Books: Escape From Camp 14



ESCAPE FROM CAMP 14, by Blaine Harden. New York, NY: Penguin Group, 2012. X 224 pp. hardcover. ISBN 978-0670023325. Reviewed by CanKor “Human Factor” editor Jack Kim.


For those who disbelieved, and continue to disbelieve, North Korean refugees when they first started trickling in, Shin Dong Hyuk’s story is the mother of them all. Born in a concentration camp, witness to unspeakable horrors, the protagonist of an amazing escape from a country that condemned him even before he was born. The story is, well, far too fantastic. It is unbelievable.

His story has been well documented in the media. After all, the book hit double digits on the amazon.com best seller list. According to Shin, he was born in Camp 14 to inmates of the camp, grew up there, watched his mother and brother executed, and serendipitously managed to escape not only the camp, but the DPRK itself. According to the author, Shin describes nonchalantly every day features of the camp that to those of us fortunate enough to live outside its fences, stir up Holocaust imagery: starvation, public executions, camp guards savagely beating inmates. He describes how snitching became a method of survival, to the point that he reverses previous accounts of his life in the book by admitting that this very snitching led to the execution of his mother and brother.

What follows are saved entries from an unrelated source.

(* Assume $t\ge 2$, fix $(i,j)\in[d']\times[t]$ and $n\in[t]\setminus\{j\}$. The $\binom{d+2}{3}$ linear polynomials \[ L_{\mathcal K}=|\operatorname{Perm}(\mathcal K)|\,y^{[i]}_j(\mathcal K)-\sum_{\substack{\mathcal A\cup\{b\}=\mathcal K\\ |\mathcal A|=2}}|\operatorname{Perm}(\mathcal A)|\,y^{[i]}_{n,j}(\mathcal A,b),\qquad \mathcal K\in\operatorname{Mult}_3([d]), \] all belong to the vanishing ideal $J$ of the attention variety and are linearly independent.
   Context: Setup: $Q,K\in\mathbb R^{a\times d}$, $V=(v_{ik})\in\mathbb R^{d'\times d}$, $W=(Q,K,V)$, $A=K^\top Q$, $\varphi_W(X)=VX(X^\top AX)$ for $X=(x_{kn})\in\mathbb R^{d\times t}$. $\operatorname{Mult}_r([d])$ is the set of size-$r$ multisets on $[d]$; $\operatorname{Perm}(\mathcal M)$ the set of distinct orderings of a multiset. $c^{[i]}_j(\mathcal K)$ and $c^{[i]}_{n,j}(\mathcal A,b)$ are the coefficients of $\prod_{u\in\mathcal K}x_{uj}$ and $(\prod_{u\in\mathcal A}x_{un})x_{bj}$ in $\varphi_W(X)[i,j]$; the scaled coefficients are $y^{[i]}_j(\mathcal K)=c^{[i]}_j(\mathcal K)/|\operatorname{Perm}(\mathcal K)|$, $y^{[i]}_{n,j}(\mathcal A,b)=c^{[i]}_{n,j}(\mathcal A,b)/|\operatorname{Perm}(\mathcal A)|$. The map $\mu$ sends $W$ to the array of scaled coefficients, viewed as values of ambient coordinates with the same names; the attention variety is the Zariski closure of $\operatorname{im}\mu$ and $J$ its vanishing ideal. The sum in $L_{\mathcal K}$ runs over distinct decompositions of $\mathcal K$ into a size-2 multiset $\mathcal A$ and a singleton $\{b\}$. *)

theory Defs
  imports Main "HOL-Library.Poly_Mapping" "HOL-Combinatorics.Multiset_Permutations"
begin

type_synonym 'v mpoly = "('v \<Rightarrow>\<^sub>0 nat) \<Rightarrow>\<^sub>0 real"

definition mp_var :: "'v \<Rightarrow> 'v mpoly" where
  "mp_var v = Poly_Mapping.single (Poly_Mapping.single v 1) 1"

definition mp_const :: "real \<Rightarrow> 'v mpoly" where
  "mp_const c = Poly_Mapping.single 0 c"

definition mp_smult :: "real \<Rightarrow> 'v mpoly \<Rightarrow> 'v mpoly" where
  "mp_smult c f = Poly_Mapping.map (\<lambda>x. c * x) f"

definition mp_vars :: "'v mpoly \<Rightarrow> 'v set" where
  "mp_vars f = \<Union> (Poly_Mapping.keys ` Poly_Mapping.keys f)"

definition mp_eval :: "'v mpoly \<Rightarrow> ('v \<Rightarrow> real) \<Rightarrow> real" where
  "mp_eval f p = (\<Sum>m\<in>Poly_Mapping.keys f.
      Poly_Mapping.lookup f m * (\<Prod>v\<in>Poly_Mapping.keys m. p v ^ Poly_Mapping.lookup m v))"

definition Mult :: "nat \<Rightarrow> nat \<Rightarrow> nat multiset set" where
  "Mult r d = {M. set_mset M \<subseteq> {1..d} \<and> size M = r}"

definition nPerm :: "nat multiset \<Rightarrow> nat" where
  "nPerm M = card (permutations_of_multiset M)"

text \<open>The polynomial phi_W(X)[i,j] in the entries x_{kn} of X (variable (k,n)),
  where A = K^T Q and phi_W(X) = V X (X^T A X).  Matrices are functions on indices
  (1-based); Q,K are a x d, V is d' x d, X is d x t.\<close>
definition Amat :: "nat \<Rightarrow> nat \<Rightarrow> (nat \<Rightarrow> nat \<Rightarrow> real) \<Rightarrow> (nat \<Rightarrow> nat \<Rightarrow> real)
    \<Rightarrow> nat \<Rightarrow> nat \<Rightarrow> real" where
  "Amat a d Q K p q = (\<Sum>l\<in>{1..a}. K l p * Q l q)"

The life he describes is void and empty, a meaningless existence that centres around absolute subsistence living. Even in the tightly controlled DPRK, the inmates of Camp 14 are eerily treated similarly as untermensch. In fact, Shin’s account is so horrific that one has to wonder how he copes in the outside world. Elie Wiesel’s Night only describes too well the nightmares that post-Shoah Jews had to endure when they were liberated from their own version of the camps.

If Shin’s story stretches the mind of the unbeliever, for those who have met him, the truth becomes even harder to swallow. Full disclosure: I had the opportunity to spend almost a week together with Shin when he visited Toronto. By all accounts, he is quiet, he is compliant, he loves In N Out burger and is passionate about baseball. He seems so normal.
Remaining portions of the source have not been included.